As for the fact that branches of the military (and the NSA, and police, etc.) are agencies of American government, I think that once again “government” is an imprecise term that frequently misdirects thinking, including in this case. My guess is that for practical purposes, a lot of people compartmentalize security agencies as separate from “government.” The latter term probably connotes politicians arguing and nagging and passing bad laws and failing to pass good laws and always grabbing for more tax dollars; the former term presumably connotes “brave men and women who volunteer to put themselves in harm’s way to protect us from bad guys.” If these “volunteers” are nonetheless funded by the taxes imposed by those miserable low curs in “government,” well, I can only imagine that for a lot of people this does not serve to taint the former, because “they actually earn it” or something like that.

It still fascinates me that people can be so trusting in security forces, but I suppose that if you’re judging who is on “your side” using gut-level instinct, America’s military at least is not subject to a lot of causes for doubt. The master narrative attached to “the troops” is a simple one: our sons and daughters take up guns (and bombs and missiles and assassination drones) and forcefully deter scary foreign people who hate us and wish us harm. Meanwhile, there are also supporting features like the “job corps” role, and the mutually reinforcing culture of pride and gratitude. There’s also the fact that, in the 21st century, what were entirely abstract threats in e.g. the Vietnam war era have now been replaced by real assaults within “the homeland” and on societies whom Americans see as “people like us.”

Set against this, there isā€¦ not much, honestly.

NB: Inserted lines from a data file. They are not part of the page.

(* Let $\mathcal{H}=\mathbb{C}^2$ and let $\mathcal{L}=(\tilde H,\Gamma)$ be a minimally degenerate dephasing Lindbladian on $\mathcal{B}(\mathcal{H})$. Then there exist a non-degenerate, traceless self-adjoint operator $H$ on $\mathbb{C}^2$ and a real number $\gamma\geq 0$ such that $$\mathcal{L}=\mathcal{L}_0+\frac{\gamma}{2}\mathcal{D},\qquad \mathcal{L}_0\rho=-i[H,\rho],\qquad \mathcal{D}\rho=-[\sqrt{H},[\sqrt{H},\rho]],$$ where $\sqrt{H}:=\operatorname{sgn}(H)\sqrt{|H|}$ (functional calculus). Moreover, if $\mathcal{L}=\mathcal{L}_s$ depends smoothly on a real parameter $s$ (i.e. $\tilde H_s$ and the $\Gamma_{\alpha,s}$ are smooth in $s$), then $H_s$ and $\gamma_s$ in this representation depend smoothly on $s$ as well.
   Context: For a finite-dimensional Hilbert space $\mathcal{H}$, a Lindbladian $\mathcal{L}=(\tilde H,\Gamma)$ is the super-operator on $\mathcal{B}(\mathcal{H})$ given by $\mathcal{L}\rho=-i[\tilde H,\rho]+\sum_{\alpha\in I}\big(\Gamma_\alpha\rho\Gamma_\alpha^*-\tfrac12(\Gamma_\alpha^*\Gamma_\alpha\rho+\rho\Gamma_\alpha^*\Gamma_\alpha)\big)$, where $\tilde H=\tilde H^*$, $I$ is a finite index set and $\Gamma_\alpha$ are operators on $\mathcal{H}$. It is called dephasing if $\Gamma_\alpha=f_\alpha(\tilde H)$ for bounded Borel functions $f_\alpha$. A dephasing Lindbladian on an $n$-dimensional space has a kernel of dimension at least $n$; it is called minimally degenerate if each of its eigenvalues is minimally degenerate, i.e. the kernel has dimension exactly $n$ and every nonzero eigenvalue of $\mathcal{L}$ is simple. *)

theory Defs
  imports Jordan_Normal_Form.Jordan_Normal_Form Jordan_Normal_Form.Schur_Decomposition Jordan_Normal_Form.Matrix_Kernel
begin

definition hermitian_op :: "nat \<Rightarrow> complex mat \<Rightarrow> bool" where
  "hermitian_op n A \<longleftrightarrow> A \<in> carrier_mat n n \<and> mat_adjoint A = A"

definition unitary_op :: "nat \<Rightarrow> complex mat \<Rightarrow> bool" where
  "unitary_op n U \<longleftrightarrow> U \<in> carrier_mat n n \<and> mat_adjoint U * U = 1\<^sub>m n \<and> U * mat_adjoint U = 1\<^sub>m n"

definition diag_op :: "nat \<Rightarrow> (nat \<Rightarrow> complex) \<Rightarrow> complex mat" where
  "diag_op n d = mat n n (\<lambda>(i,j). if i = j then d i else 0)"

definition op_trace :: "nat \<Rightarrow> complex mat \<Rightarrow> complex" where
  "op_trace n A = (\<Sum>i<n. A $$ (i,i))"

text \<open>Functional calculus f(A) of a self-adjoint operator A for f : R -> C:
  diagonalise A = U diag(d) U^* with U unitary and d real; then f(A) = U diag(f o d) U^*.
  (This is independent of the chosen diagonalisation.)\<close>

definition matfun :: "nat \<Rightarrow> (real \<Rightarrow> complex) \<Rightarrow> complex mat \<Rightarrow> complex mat" where
  "matfun n f A = (THE B. \<exists>U d. unitary_op n U \<and>
      A = U * diag_op n (\<lambda>i. complex_of_real (d i)) * mat_adjoint U \<and>
      B = U * diag_op n (\<lambda>i. f (d i)) * mat_adjoint U)"

definition signed_sqrt_op :: "nat \<Rightarrow> complex mat \<Rightarrow> complex mat" where
  "signed_sqrt_op n H = matfun n (\<lambda>x. complex_of_real (sgn x * sqrt \<bar>x\<bar>)) H"

definition nondegenerate_op :: "nat \<Rightarrow> complex mat \<Rightarrow> bool" where
  "nondegenerate_op n A \<longleftrightarrow> A \<in> carrier_mat n n \<and>
     (\<forall>\<mu>. eigenvalue A \<mu> \<longrightarrow> Polynomial.order \<mu> (char_poly A) = 1)"

definition commutator :: "complex mat \<Rightarrow> complex mat \<Rightarrow> complex mat" where
  "commutator A B = A * B - B * A"

definition mat_sum :: "nat \<Rightarrow> ('i \<Rightarrow> complex mat) \<Rightarrow> 'i set \<Rightarrow> complex mat" where
  "mat_sum n F I = mat n n (\<lambda>ij. \<Sum>\<alpha>\<in>I. F \<alpha> $$ ij)"

definition lindbladian :: "nat \<Rightarrow> complex mat \<Rightarrow> 'i set \<Rightarrow> ('i \<Rightarrow> complex mat) \<Rightarrow> complex mat \<Rightarrow> complex mat" where
  "lindbladian n Ht I \<Gamma> \<rho> =
     (- \<i>) \<cdot>\<^sub>m commutator Ht \<rho> +
     mat_sum n (\<lambda>\<alpha>. \<Gamma> \<alpha> * \<rho> * mat_adjoint (\<Gamma> \<alpha>)
        - (1/2) \<cdot>\<^sub>m (mat_adjoint (\<Gamma> \<alpha>) * \<Gamma> \<alpha> * \<rho> + \<rho> * mat_adjoint (\<Gamma> \<alpha>) * \<Gamma> \<alpha>)) I"

definition dephasing :: "nat \<Rightarrow> complex mat \<Rightarrow> 'i set \<Rightarrow> ('i \<Rightarrow> complex mat) \<Rightarrow> bool" where
  "dephasing n Ht I \<Gamma> \<longleftrightarrow> hermitian_op n Ht \<and> finite I \<and>
     (\<forall>\<alpha>\<in>I. \<exists>f. \<Gamma> \<alpha> = matfun n f Ht)"

text \<open>Matrix of a super-operator on B(C^n) w.r.t. the matrix-unit basis E_(i,j),
  vectorised index k = n*i + j.\<close>

definition mat_unit :: "nat \<Rightarrow> nat \<Rightarrow> nat \<Rightarrow> complex mat" where
  "mat_unit n a b = mat n n (\<lambda>(i,j). if i = a \<and> j = b then 1 else 0)"

definition superop_mat :: "nat \<Rightarrow> (complex mat \<Rightarrow> complex mat) \<Rightarrow> complex mat" where
  "superop_mat n L = mat (n*n) (n*n)
     (\<lambda>(k,l). L (mat_unit n (l div n) (l mod n)) $$ (k div n, k mod n))"

definition minimally_degenerate :: "nat \<Rightarrow> (complex mat \<Rightarrow> complex mat) \<Rightarrow> bool" where
  "minimally_degenerate n L \<longleftrightarrow>
     kernel_dim (superop_mat n L) = n \<and>
     (\<forall>\<mu>. eigenvalue (superop_mat n L) \<mu> \<and> \<mu> \<noteq> 0 \<longrightarrow> Polynomial.order \<mu> (char_poly (superop_mat n L)) = 1)"

definition smooth_fun :: "(real \<Rightarrow> 'a::real_normed_vector) \<Rightarrow> bool" where
  "smooth_fun f \<longleftrightarrow> (\<exists>D :: nat \<Rightarrow> real \<Rightarrow> 'a. D 0 = f \<and>
      (\<forall>k t. (D k has_vector_derivative D (Suc k) t) (at t)))"

definition smooth_op_family :: "nat \<Rightarrow> (real \<Rightarrow> complex mat) \<Rightarrow> bool" where
  "smooth_op_family n A \<longleftrightarrow> (\<forall>s. A s \<in> carrier_mat n n) \<and>
     (\<forall>i<n. \<forall>j<n. smooth_fun (\<lambda>s. A s $$ (i,j)))"

end

theory Submission
  imports Defs
begin

text \<open>Since every jump operator is a function of the Hamiltonian, everything happens in the
  commutative algebra spanned by 1 and K, where the Hamiltonian is m + r K with K a traceless
  Hermitian involution. Writing each jump operator as u + v K, the Lindbladian becomes
  \<rho> \<mapsto> -i w [K, \<rho>] - (\<sigma>/2) [K, [K, \<rho>]] with w = r - \<Sigma> Im (v conj u) and \<sigma> = \<Sigma> |v|^2.
  If w = 0 the Lindbladian is a multiple of the double commutator, whose superoperator matrix is
  similar to diag(0, -4c, -4c, 0): it has either a kernel of dimension 4 or a double nonzero
  eigenvalue, so it is not minimally degenerate. Hence w \<noteq> 0, and H = w K with \<gamma> = \<sigma> / |w|
  works, because sqrt(H) = sgn(w) sqrt(|w|) K. Minimal degeneracy also forces r > 0, and then
  w, \<sigma> and K are smooth expressions in the matrix entries.\<close>

section \<open>Smooth functions of a real parameter\<close>

lemma smooth_fun_coinduct:
  assumes "f \<in> C" and step: "\<And>g. g \<in> C \<Longrightarrow> \<exists>g'\<in>C. \<forall>t. (g has_vector_derivative g' t) (at t)"
  shows "smooth_fun f"
proof -
  obtain der where der: "\<And>g. g \<in> C \<Longrightarrow> der g \<in> C \<and> (\<forall>t. (g has_vector_derivative der g t) (at t))"
    using step by metis
  have "(der ^^ k) f \<in> C" for k by (induction k) (auto simp: assms(1) der)
  then show ?thesis unfolding smooth_fun_def by (intro exI[of _ "\<lambda>k. (der ^^ k) f"]) (simp add: der)
qed

lemma smooth_fun_derivative:
  assumes "smooth_fun f"
  obtains f' where "\<And>t. (f has_vector_derivative f' t) (at t)" and "smooth_fun f'"
proof -
  from assms obtain D where "D 0 = f" and "\<And>k t. (D k has_vector_derivative D (Suc k) t) (at t)"
    unfolding smooth_fun_def by blast
  then show ?thesis by (intro that[of "D 1"]) (auto simp: smooth_fun_def intro!: exI[of _ "\<lambda>k. D (Suc k)"])
qed

text \<open>The coinduction runs over finite sums because the derivative of a product (or of a power)
  is a sum of two such terms.\<close>

lemma smooth_fun_sum_list_coinduct:
  fixes T :: "'b \<Rightarrow> real \<Rightarrow> 'a::real_normed_vector"
  assumes step: "\<And>x. P x \<Longrightarrow> \<exists>ys. list_all P ys \<and> (\<forall>t. (T x has_vector_derivative (\<Sum>y\<leftarrow>ys. T y t)) (at t))"
    and xs: "list_all P xs"
  shows "smooth_fun (\<lambda>t. \<Sum>x\<leftarrow>xs. T x t)"
proof (rule smooth_fun_coinduct[where C = "{\<lambda>t. \<Sum>x\<leftarrow>xs. T x t | xs. list_all P xs}"])
  obtain ds where ds: "\<And>x. P x \<Longrightarrow> list_all P (ds x) \<and> (\<forall>t. (T x has_vector_derivative (\<Sum>y\<leftarrow>ds x. T y t)) (at t))"
    using step by metis
  fix g assume "g \<in> {\<lambda>t. \<Sum>x\<leftarrow>xs. T x t | xs. list_all P xs}"
  then obtain xs where xs: "list_all P xs" and g: "g = (\<lambda>t. \<Sum>x\<leftarrow>xs. T x t)" by blast
  have "((\<lambda>t. \<Sum>x\<leftarrow>xs. T x t) has_vector_derivative (\<Sum>y\<leftarrow>concat (map ds xs). T y t)) (at t)" for t
    using xs by (induction xs) (auto intro!: has_vector_derivative_add simp: ds)
  moreover have "list_all P (concat (map ds xs))" using xs ds by (induction xs) auto
  ultimately show "\<exists>g'\<in>{\<lambda>t. \<Sum>x\<leftarrow>xs. T x t | xs. list_all P xs}. \<forall>t. (g has_vector_derivative g' t) (at t)"
    unfolding g by (intro bexI[of _ "\<lambda>t. \<Sum>y\<leftarrow>concat (map ds xs). T y t"]) auto
qed (use xs in blast)

lemma smooth_fun_const: "smooth_fun (\<lambda>t. c)"
  unfolding smooth_fun_def by (intro exI[of _ "\<lambda>k t. if k = 0 then c else 0"]) auto

lemma smooth_fun_add:
  assumes "smooth_fun f" "smooth_fun g"
  shows "smooth_fun (\<lambda>t. f t + g t)"
proof -
  have "smooth_fun (\<lambda>t. \<Sum>h\<leftarrow>[f, g]. h t)"
  proof (rule smooth_fun_sum_list_coinduct[where P = smooth_fun])
    fix h :: "real \<Rightarrow> 'a" assume "smooth_fun h"
    then obtain h' where "\<And>t. (h has_vector_derivative h' t) (at t)" "smooth_fun h'"
      using smooth_fun_derivative by blast
    then show "\<exists>ys. list_all smooth_fun ys \<and> (\<forall>t. (h has_vector_derivative (\<Sum>k\<leftarrow>ys. k t)) (at t))"
      by (intro exI[of _ "[h']"]) simp
  qed (use assms in simp)
  then show ?thesis by simp
qed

The last time that mainstream, people-who-count Americans experienced injury from America’s military was probably the Civil War, and since the end of the draft even the indirect pain for society has been pretty limited. For an internationalist liberal, of course, the continuing violence and death inflicted by American force is no less appalling because it happens to “them,” but for most Americans internationalism is basically not even a recognized concept. People suspicious that even their own society can be trusted, except to brutalize “enemy” societies, are not particularly ripe candidates for questioning why people much more culturally remote than their own neighbors should be readily deemed enemies deserving of brutality.

I suppose this is mostly just another pessimistic ramble about how American society seems to be turning on itself and nothing seems to present a ready check on this process. The best counter argument I can offer is that, if our democracy appears to be failing, I’m not sure from a historical perspective when it really did much better. The early decades, when everyone besides white men were overtly, formally excluded from even the opportunity to participate? The late 19th century, of gilded age corruption and machine politics? Was it the second half of the 20th century, including Jim Crow and McCarthyism and Nixon? Was that the point when we actually “got it right?”

Hard to say. But, whether it’s a new low or simply par for the course, the state of democratic society in 21st century America doesn’t seem like much to hold up as a model, either way.